In this study, CDX2 staining was lost in 12% of colorectal carcinomas. It is still unclear what are the specific reasons associated with the decrease in expression for this marker. In a recent study, Olsen et al. indicated correlation between loss of CDX2 and tumour grade, stage, right-sided tumour location, MMR-deficiency, CIMP-high, and BRAF mutations.[6] Lugli et al. found relationship between the loss of CDX2 expression and higher T stage, N stage, tumour grade, and proximal location in CRCs.[7] Bae et al. evaluated the expression of CDX2 in 713 cases of CRCs and established association between downregulation in CDX2 expression and proximal location, infiltrative growth, advanced T, N, M stages, and poor differentiation. They also stated that patients with loss of CDX2 showed worse overall survival.[8] In our cases, we estimated a weak downhill relationship between CDX2 expression and histologic grade (p=0.003, Kendall’s tau-b correlation coefficient = −0.328) and T pathologic stage (p=0.006, Kendall’s tau-b correlation coefficient = −0.321). We did not find statistically significant correlation with proximal location, N and M pathologic stages.

For CK7, 7% of the colorectal carcinomas included in our study showed positive staining. We estimated no statistically significant relationships between CK7 positive expression in CRCs and any clinicopathological features. However, in a recent study Fei et al. demonstrated that CK7 positive tumours were more likely to have strong metastatic and invasive features. The researchers found association of CK7 expression and location, differentiation, tumour stage, and lymph nodes metastases. It is interesting to note that CK7 positive cells were mainly distributed at the edge of cancer nests, at the invasion front, in tumour buds, in intravascular tumour emboli, and in tumours with micropapillary pattern.[9]

Our findings for CK20 positivity (66.2%) are in agreement with some previous studies.
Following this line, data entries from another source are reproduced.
(* Let $\beta,\delta\in(0,1)$, $K>0$, $d_1,d_2>0$, and let $\eta_1,\eta_2\ge0$ be constants. Consider $$\frac{df}{dt}=\tfrac12 fm\beta L-\delta f-\eta_1\frac{f}{f+d_1},\qquad \frac{dm}{dt}=\tfrac12 fm\beta L-\delta m-\eta_2\frac{m}{m+d_2},\qquad L=1-\frac{f+m}{K}.$$ If $\beta K<2\delta+\frac{\eta_1}{K+d_1}+\frac{\eta_2}{K+d_2}$, then the trivial equilibrium $(0,0)$ is globally asymptotically stable.
   Context: $f,m$ are female and male densities, with populations considered in the region $0\le f,m$, $f+m\le K$. The model uses saturating harvesting of both females and males. *)

theory Defs
  imports "HOL-Analysis.Analysis"
begin

definition harvest_field ::
  "real \<Rightarrow> real \<Rightarrow> real \<Rightarrow> real \<Rightarrow> real \<Rightarrow> real \<Rightarrow> real \<Rightarrow> real \<times> real \<Rightarrow> real \<times> real" where
  "harvest_field \<beta> \<delta> K \<eta>\<^sub>1 \<eta>\<^sub>2 d\<^sub>1 d\<^sub>2 = (\<lambda>(f, m).
     (let L = 1 - (f + m) / K in
      (1/2 * f * m * \<beta> * L - \<delta> * f - \<eta>\<^sub>1 * (f / (f + d\<^sub>1)),
       1/2 * f * m * \<beta> * L - \<delta> * m - \<eta>\<^sub>2 * (m / (m + d\<^sub>2)))))"

definition region :: "real \<Rightarrow> (real \<times> real) set" where
  "region K = {(f, m). 0 \<le> f \<and> 0 \<le> m \<and> f + m \<le> K}"

definition is_solution :: "(real \<times> real \<Rightarrow> real \<times> real) \<Rightarrow> (real \<Rightarrow> real \<times> real) \<Rightarrow> bool" where
  "is_solution F x \<longleftrightarrow>
     (\<forall>t\<ge>0. (x has_vector_derivative F (x t)) (at t within {0..}))"

definition globally_asymptotically_stable ::
  "(real \<times> real \<Rightarrow> real \<times> real) \<Rightarrow> (real \<times> real) set \<Rightarrow> real \<times> real \<Rightarrow> bool" where
  "globally_asymptotically_stable F D p \<longleftrightarrow>
     F p = 0 \<and>
     (\<forall>\<epsilon>>0. \<exists>\<delta>>0. \<forall>x. is_solution F x \<and> x 0 \<in> D \<and> dist (x 0) p < \<delta> \<longrightarrow>
        (\<forall>t\<ge>0. dist (x t) p < \<epsilon>)) \<and>
     (\<forall>x. is_solution F x \<and> x 0 \<in> D \<longrightarrow> (x \<longlongrightarrow> p) at_top)"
Bayrak et al. have described statistically highly significant relation between CK20 expression and anatomical site of the tumour process.[10] Park et al. observed an association between CK20 loss, higher tumour grade, and right-sided location.[11] In our study, we did not find statistically significant correlation of CK20 staining and location of tumour process, T stage, nodal and distant metastases. However, we established a weak downhill relationship between CK20 expression and histologic grade (p=0.002, Kendall’s tau-b = −0.323).

Conclusions

The present study showed that loss of CDX2 expression is associated with histologic grade and depth of tumour invasion (or T pathologic stage.) CK20 positivity is associated with histologic grade. No association between CK7 expression and histopathologic features was established. Colorectal carcinomas were divided in 4 classes depending on their positivity for CK20 and CK7. In 35.3% of the cases deviations from the standard CK20+/CK7− immunoprofile were observed. Aberrant cytokeratin immunostaining should always be considered when used in diagnosis of metastatic colorectal carcinoma.
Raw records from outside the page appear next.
lemma odds_product_mult_cprob:
  "AE w in M. codds_on M sigma_XAMY RM (event_of M RY) w * codds_on M sigma_XAMY RY (event_of M RM) w
      * cprob M sigma_XAMY (event_of M (\<lambda>v. RM v \<and> RY v)) w
    = cprob M sigma_XAMY (event_of M (\<lambda>v. \<not> RM v \<and> \<not> RY v)) w"
proof -
  define p where "p r s = cprob M sigma_XAMY (event_of M (\<lambda>v. RM v = r \<and> RY v = s))" for r s
  define q where "q r = cprob M sigma_XAY (event_of M (\<lambda>v. RM v = r))" for r
  define q' where "q' s = cprob M sigma_XAM (event_of M (\<lambda>v. RY v = s))" for s
  have odds_RM: "codds_on M sigma_XAMY RM (event_of M RY)
      = (\<lambda>w. (p False True w / cprob M sigma_XAMY (event_of M RY) w)
           / (p True True w / cprob M sigma_XAMY (event_of M RY) w))"
    and odds_RY: "codds_on M sigma_XAMY RY (event_of M RM)
      = (\<lambda>w. (p True False w / cprob M sigma_XAMY (event_of M RM) w)
           / (p True True w / cprob M sigma_XAMY (event_of M RM) w))"
    unfolding codds_on_def cprob_on_def p_def event_of_Int by (simp_all add: conj_commute)
  have p11: "cprob M sigma_XAMY (event_of M (\<lambda>v. RM v \<and> RY v)) = p True True"
    and p00: "cprob M sigma_XAMY (event_of M (\<lambda>v. \<not> RM v \<and> \<not> RY v)) = p False False"
    by (simp_all add: p_def)
  have "AE w in M. \<forall>r s. p r s w = q r w * q' s w \<and> p r s w > 0"
    unfolding AE_all_countable AE_conj_iff p_def q_def q'_def
    using cprob_response_factorizes response_pos by blast
  moreover have "AE w in M. cprob M sigma_XAMY (event_of M RY) w = q' True w"
    and "AE w in M. cprob M sigma_XAMY (event_of M RM) w = q True w"
    using cprob_RY_eq_given_XAM[of True] cprob_RM_eq_given_XAY[of True] by (simp_all add: q_def q'_def)
  ultimately show ?thesis
    unfolding odds_RM odds_RY p11 p00
  proof eventually_elim
    case (elim w)
    then have "q r w \<noteq> 0" "q' s w \<noteq> 0" for r s
      by (metis mult_eq_0_iff less_irrefl)+
    with elim show ?case
      by (simp add: field_simps)
  qed
qed

lemma measurable_odds_product:
  "(\<lambda>w. codds_on M sigma_XAMY RM (event_of M RY) w * codds_on M sigma_XAMY RY (event_of M RM) w)
    \<in> borel_measurable sigma_XAMY"
proof -
  interpret sigma_finite_subalgebra M sigma_XAMY
    using subalgebra_sigma_XAMY by (rule sigma_finite_subalgebra_of_subalgebra)
  show ?thesis
    unfolding codds_on_def cprob_on_def cprob_def by measurable
qed

end

theorem mainTheorem5:
  fixes M :: "'w measure"
    and NX :: "'x measure" and NA :: "'a measure" and NM :: "'m measure" and NY :: "'y measure"
    and X :: "'w \<Rightarrow> 'x" and A :: "'w \<Rightarrow> 'a" and Mv :: "'w \<Rightarrow> 'm" and Y :: "'w \<Rightarrow> 'y"
    and RM :: "'w \<Rightarrow> bool" and RY :: "'w \<Rightarrow> bool"
  assumes "prob_space M"
    and "X \<in> measurable M NX" and "A \<in> measurable M NA"
    and "Mv \<in> measurable M NM" and "Y \<in> measurable M NY"
    and "RM \<in> measurable M (count_space UNIV)" and "RY \<in> measurable M (count_space UNIV)"
    and "cond_indep M (gen_sigma M RM (count_space UNIV))
           (gen_sigma M (\<lambda>w. (Mv w, RY w)) (NM \<Otimes>\<^sub>M count_space UNIV))
           (gen_sigma M (\<lambda>w. (X w, A w, Y w)) (NX \<Otimes>\<^sub>M NA \<Otimes>\<^sub>M NY))"
    and "cond_indep M (gen_sigma M RY (count_space UNIV))
           (gen_sigma M (\<lambda>w. (Y w, RM w)) (NY \<Otimes>\<^sub>M count_space UNIV))
           (gen_sigma M (\<lambda>w. (X w, A w, Mv w)) (NX \<Otimes>\<^sub>M NA \<Otimes>\<^sub>M NM))"
    and "\<And>rm ry. AE w in M.
           cprob M (gen_sigma M (\<lambda>w. (X w, A w, Mv w, Y w)) (NX \<Otimes>\<^sub>M NA \<Otimes>\<^sub>M NM \<Otimes>\<^sub>M NY))
             (event_of M (\<lambda>v. RM v = rm \<and> RY v = ry)) w > 0"
  shows "AE w in M.
     cprob M (gen_sigma M (\<lambda>w. (X w, A w)) (NX \<Otimes>\<^sub>M NA))
         (event_of M (\<lambda>v. \<not> RM v \<and> \<not> RY v)) w
     / cprob M (gen_sigma M (\<lambda>w. (X w, A w)) (NX \<Otimes>\<^sub>M NA))
         (event_of M (\<lambda>v. RM v \<and> RY v)) w
     = cexp_on M (gen_sigma M (\<lambda>w. (X w, A w)) (NX \<Otimes>\<^sub>M NA))
         (\<lambda>v. codds_on M (gen_sigma M (\<lambda>w. (X w, A w, Mv w, Y w)) (NX \<Otimes>\<^sub>M NA \<Otimes>\<^sub>M NM \<Otimes>\<^sub>M NY))
                  RM (event_of M RY) v
             * codds_on M (gen_sigma M (\<lambda>w. (X w, A w, Mv w, Y w)) (NX \<Otimes>\<^sub>M NA \<Otimes>\<^sub>M NM \<Otimes>\<^sub>M NY))
                  RY (event_of M RM) v)
         (event_of M (\<lambda>v. RM v \<and> RY v)) w"
proof -
  interpret response_model M NX NA NM NY X A Mv Y RM RY
    using assms by (simp add: response_model_def response_model_axioms_def)
  have E11: "event_of M (\<lambda>v. RM v \<and> RY v) \<in> sets M"
    and E00: "event_of M (\<lambda>v. \<not> RM v \<and> \<not> RY v) \<in> sets M"
    unfolding event_of_def by measurable
  have "AE w in M. real_cond_exp M sigma_XA
      (\<lambda>v. indicator (event_of M (\<lambda>v. RM v \<and> RY v)) v
        * (codds_on M sigma_XAMY RM (event_of M RY) v * codds_on M sigma_XAMY RY (event_of M RM) v)) w
    = cprob M sigma_XA (event_of M (\<lambda>v. \<not> RM v \<and> \<not> RY v)) w"
    by (rule real_cond_exp_indicator_mult_eq_cprob[OF subalgebra_sigma_XAMY subalgebra_sigma_XAMY_XA
          measurable_odds_product E11 E00 odds_product_mult_cprob])
  then show ?thesis
    unfolding cexp_on_def by eventually_elim simp
qed

end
Our results may help in demonstrating the heterogeneity of colorectal carcinomas. Further investigation on bigger cohorts is needed for better understanding the correlations between different immunohistochemical cytokeratin profiles and morphologic, clinicopathologic, molecular, and prognostic characteristics of colorectal carcinomas.

Acknowledgments

This work was supported by project No. HO12/2018 of the Medical University of Plovdiv.